┏━━

text \<open>Each of the two weights only sees its own factor.\<close>

lemma hasse2_binary_forms_mult:
  assumes e: "binary_form a0 a1 dA e" and g: "binary_form b0 b1 dB g"
  shows "hasse2 p q k b (e * g) = hasse_at a0 a1 p k e * hasse_at b0 b1 q b g"
proof -
  let ?va = "chart_var a0 a1 p" and ?vb = "chart_var b0 b1 q"
  have va: "?va \<notin> {b0, b1}" and vb: "?vb \<notin> {a0, a1}"
    using distinct_coords by (auto simp: chart_var_def)
  have "hasse2 p q k b (e * g) = (\<Sum>\<mu>\<in>Poly_Mapping.keys e. \<Sum>\<nu>\<in>Poly_Mapping.keys g.
      (Poly_Mapping.lookup e \<mu> * hasse_weight ?va (chart_coord p) k \<mu>) *
      (Poly_Mapping.lookup g \<nu> * hasse_weight ?vb (chart_coord q) b \<nu>))"
    unfolding hasse2_def coeff_pairing_mult
  proof (intro sum.cong refl)
    fix \<mu> \<nu> assume "\<mu> \<in> Poly_Mapping.keys e" "\<nu> \<in> Poly_Mapping.keys g"
    then have "Poly_Mapping.lookup \<nu> ?va = 0" "Poly_Mapping.lookup \<mu> ?vb = 0"
      using keys_binary_form_lookup_other[OF g _ va] keys_binary_form_lookup_other[OF e _ vb]
      by auto
    then show "Poly_Mapping.lookup e \<mu> * Poly_Mapping.lookup g \<nu> *
        (hasse_weight ?va (chart_coord p) k (\<mu> + \<nu>) * hasse_weight ?vb (chart_coord q) b (\<mu> + \<nu>)) =
      Poly_Mapping.lookup e \<mu> * hasse_weight ?va (chart_coord p) k \<mu> *
        (Poly_Mapping.lookup g \<nu> * hasse_weight ?vb (chart_coord q) b \<nu>)"
      by (simp add: hasse_weight_def lookup_add mult_ac)
  qed
  then show ?thesis by (simp add: hasse_at_def coeff_pairing_def sum_product)
qed

lemma binary_forms_mult_in_bihom:
  assumes e: "binary_form a0 a1 dA e" and g: "binary_form b0 b1 dB g"
  shows "e * g \<in> bihom dA dB"
  unfolding bihom_def
proof (intro CollectI conjI ballI)
  show "inR (e * g)"
    using binary_form_inR[OF coords_in_range(1,2) e] binary_form_inR[OF coords_in_range(3,4) g]
    by (rule inR_mult)
  fix \<mu> assume "\<mu> \<in> Poly_Mapping.keys (e * g)"
  then obtain x y where xy: "\<mu> = x + y" "x \<in> Poly_Mapping.keys e" "y \<in> Poly_Mapping.keys g"
    using keys_mult[of e g] by auto
  have "Poly_Mapping.lookup y a0 = 0" "Poly_Mapping.lookup y a1 = 0"
    "Poly_Mapping.lookup x b0 = 0" "Poly_Mapping.lookup x b1 = 0"
    using keys_binary_form_lookup_other[OF g xy(3)] keys_binary_form_lookup_other[OF e xy(2)]
      distinct_coords by auto
  moreover have "Poly_Mapping.lookup x a0 + Poly_Mapping.lookup x a1 = dA"
    "Poly_Mapping.lookup y b0 + Poly_Mapping.lookup y b1 = dB"
    using e g xy unfolding binary_form_def by auto
  ultimately show "Poly_Mapping.lookup \<mu> a0 + Poly_Mapping.lookup \<mu> a1 = dA"
    "Poly_Mapping.lookup \<mu> b0 + Poly_Mapping.lookup \<mu> b1 = dB"
    using xy(1) by (simp_all add: lookup_add)
qed

definition bimonomial :: "nat \<Rightarrow> nat \<Rightarrow> nat \<Rightarrow> nat \<Rightarrow> (nat \<Rightarrow>\<^sub>0 nat)" where
  "bimonomial dA dB c e = Poly_Mapping.single a0 c + Poly_Mapping.single a1 (dA - c) +
     Poly_Mapping.single b0 e + Poly_Mapping.single b1 (dB - e)"

lemma keys_bihom_eq_bimonomial:
  assumes "f \<in> bihom dA dB" "\<mu> \<in> Poly_Mapping.keys f"
  shows "\<mu> = bimonomial dA dB (Poly_Mapping.lookup \<mu> a0) (Poly_Mapping.lookup \<mu> b0)"
proof (rule poly_mapping_eqI)
  fix v
  have "Poly_Mapping.lookup \<mu> a0 + Poly_Mapping.lookup \<mu> a1 = dA"
    "Poly_Mapping.lookup \<mu> b0 + Poly_Mapping.lookup \<mu> b1 = dB"
    "Poly_Mapping.keys \<mu> \<subseteq> {a0, a1, b0, b1}"
    using assms coords unfolding bihom_def inR_def by auto
  then show "Poly_Mapping.lookup \<mu> v =
      Poly_Mapping.lookup (bimonomial dA dB (Poly_Mapping.lookup \<mu> a0) (Poly_Mapping.lookup \<mu> b0)) v"
    using distinct_coords
    by (cases "v \<in> {a0, a1, b0, b1}") (auto simp: bimonomial_def lookup_add lookup_single in_keys_iff)
qed

lemma bihom_subset_span_bimonomials:
  "bihom dA dB \<subseteq>
    mpoly_vs.span ((\<lambda>(c, e). Poly_Mapping.single (bimonomial dA dB c e) (1::'k::field)) ` ({..dA} \<times> {..dB}))"
proof
  fix f :: "'k mpoly" assume f: "f \<in> bihom dA dB"
  have "f = (\<Sum>\<mu>\<in>Poly_Mapping.keys f. scal (Poly_Mapping.lookup f \<mu>) (Poly_Mapping.single \<mu> 1))"
    by (subst poly_mapping_sum_single) (simp add: scal_def Const_def mult_single)
  also have "\<dots> \<in> mpoly_vs.span
      ((\<lambda>(c, e). Poly_Mapping.single (bimonomial dA dB c e) 1) ` ({..dA} \<times> {..dB}))"
  proof (intro mpoly_vs.span_sum mpoly_vs.span_scale mpoly_vs.span_base)
    fix \<mu> assume \<mu>: "\<mu> \<in> Poly_Mapping.keys f"
    have "Poly_Mapping.lookup \<mu> a0 \<le> dA" "Poly_Mapping.lookup \<mu> b0 \<le> dB"
      using f \<mu> unfolding bihom_def by force+
    with keys_bihom_eq_bimonomial[OF f \<mu>]
    show "Poly_Mapping.single \<mu> 1 \<in> (\<lambda>(c, e). Poly_Mapping.single (bimonomial dA dB c e) 1) ` ({..dA} \<times> {..dB})"
      by (intro rev_image_eqI[of "(Poly_Mapping.lookup \<mu> a0, Poly_Mapping.lookup \<mu> b0)"]) simp_all
  qed
  finally show "f \<in> mpoly_vs.span ((\<lambda>(c, e). Poly_Mapping.single (bimonomial dA dB c e) 1) ` ({..dA} \<times> {..dB}))" .
qed

lemma vanishes_to_mult_left:
  assumes "vanishes_to p q m f"
  shows "vanishes_to p q m (g * f)"
  unfolding vanishes_to_def
proof (intro allI impI)
  fix k b :: nat assume kb: "k + b < m"
  have "hasse2 p q k1 b1 g * hasse2 p q (k - k1) (b - b1) f = 0" if "k1 \<le> k" "b1 \<le> b" for k1 b1
    using assms kb that unfolding vanishes_to_def by simp
  then show "hasse2 p q k b (g * f) = 0"
    unfolding hasse2_mult by (simp add: sum.neutral)
qed

lemma vanishes_to_Suc_mult:
  assumes "vanishes_to p q m f" "vanishes_to p q 1 g"
  shows "vanishes_to p q (Suc m) (f * g)"
  unfolding vanishes_to_def
proof (intro allI impI)
  fix k b :: nat assume kb: "k + b < Suc m"
  have "hasse2 p q k1 b1 f * hasse2 p q (k - k1) (b - b1) g = 0" if "k1 \<le> k" "b1 \<le> b" for k1 b1
  proof -
    have "k1 + b1 < m \<or> (k - k1) + (b - b1) < 1" using kb that by linarith
    then show ?thesis using assms unfolding vanishes_to_def by auto
  qed
  then show "hasse2 p q k b (f * g) = 0"
    unfolding hasse2_mult by (simp add: sum.neutral)
qed

lemma vanishes_to_sum:
  "(\<And>i. i \<in> I \<Longrightarrow> vanishes_to p q m (F i)) \<Longrightarrow> vanishes_to p q m (sum F I)"
  unfolding vanishes_to_def by (induction I rule: infinite_finite_induct) (simp_all add: hasse2_add)

lemma vanishes_to_ideal_gen:
  assumes "\<And>s. s \<in> S \<Longrightarrow> vanishes_to p q m s" "x \<in> ideal_gen S"
  shows "vanishes_to p q m x"
proof -
  obtain n :: nat and c s where x: "x = (\<Sum>l<n. c l * s l)" and "\<And>l. l < n \<Longrightarrow> s l \<in> S"
    using assms(2) by (blast elim: ideal_genE)
  then show ?thesis
    unfolding x by (intro vanishes_to_sum vanishes_to_mult_left assms(1)) simp
qed

lemma vanishes_to_ideal_pow:
  assumes "\<And>s. s \<in> S \<Longrightarrow> vanishes_to p q 1 s"
  shows "x \<in> ideal_pow (ideal_gen S) m \<Longrightarrow> vanishes_to p q m x"
proof (induction m arbitrary: x)
  case 0
  then show ?case by (simp add: vanishes_to_def)
next
  case (Suc m)
  have "vanishes_to p q (Suc m) y"
    if y: "y \<in> {a * b |a b. a \<in> ideal_pow (ideal_gen S) m \<and> b \<in> ideal_gen S}" for y
  proof -
    obtain a b where "y = a * b" "a \<in> ideal_pow (ideal_gen S) m" "b \<in> ideal_gen S"
      using y by blast
    moreover have "vanishes_to p q 1 b"
      using vanishes_to_ideal_gen[of S p q 1 b] assms \<open>b \<in> ideal_gen S\<close> by blast
    ultimately show ?thesis
      using Suc.IH[of a] vanishes_to_Suc_mult[of p q m a b] by simp
  qed
  moreover have "x \<in> ideal_gen {a * b |a b. a \<in> ideal_pow (ideal_gen S) m \<and> b \<in> ideal_gen S}"
    using Suc.prems by (simp add: ideal_prod_def)
  ultimately show ?case
    by (rule vanishes_to_ideal_gen)
qed

lemma hasse2_point_form_pnorm:
  assumes "P \<noteq> (0, 0)" "Q \<noteq> (0, 0)"
  shows "hasse2 (pnorm P) (pnorm Q) 0 0 (point_form a0 a1 P) = 0"
    and "hasse2 (pnorm P) (pnorm Q) 0 0 (point_form b0 b1 Q) = 0"
proof -
  have "hasse2 (pnorm P) (pnorm Q) 0 0 (point_form a0 a1 P * 1) =
      hasse_at a0 a1 (pnorm P) 0 (point_form a0 a1 P) * hasse_at b0 b1 (pnorm Q) 0 1"
    by (rule hasse2_binary_forms_mult[OF binary_form_point_form[OF coords_neq(1)] binary_form_one])
  then show "hasse2 (pnorm P) (pnorm Q) 0 0 (point_form a0 a1 P) = 0"
    by (simp add: hasse_at_point_form_pnorm[OF coords_neq(1) assms(1)])
  have "hasse2 (pnorm P) (pnorm Q) 0 0 (1 * point_form b0 b1 Q) =
      hasse_at a0 a1 (pnorm P) 0 1 * hasse_at b0 b1 (pnorm Q) 0 (point_form b0 b1 Q)"
    by (rule hasse2_binary_forms_mult[OF binary_form_one binary_form_point_form[OF coords_neq(2)]])
  then show "hasse2 (pnorm P) (pnorm Q) 0 0 (point_form b0 b1 Q) = 0"
    by (simp add: hasse_at_point_form_pnorm[OF coords_neq(2) assms(2)])
qed

lemma vanishes_to_point_ideal_pow:
  assumes "P \<noteq> (0, 0)" "Q \<noteq> (0, 0)" "f \<in> ideal_pow (point_ideal P Q) m"
  shows "vanishes_to (pnorm P) (pnorm Q) m f"
  using assms(3) unfolding point_ideal_def
  by (rule vanishes_to_ideal_pow[rotated])
    (use hasse2_point_form_pnorm[OF assms(1,2)] in \<open>auto simp: vanishes_to_def\<close>)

┗━━

▶ _WHAT THE TASK ASKS_:
From the data, list each line in which the string "noteq" appears.

▶ _FINISHED TASK_:
  assumes "P \<noteq> (0, 0)" "Q \<noteq> (0, 0)"
  assumes "P \<noteq> (0, 0)" "Q \<noteq> (0, 0)" "f \<in> ideal_pow (point_ideal P Q) m"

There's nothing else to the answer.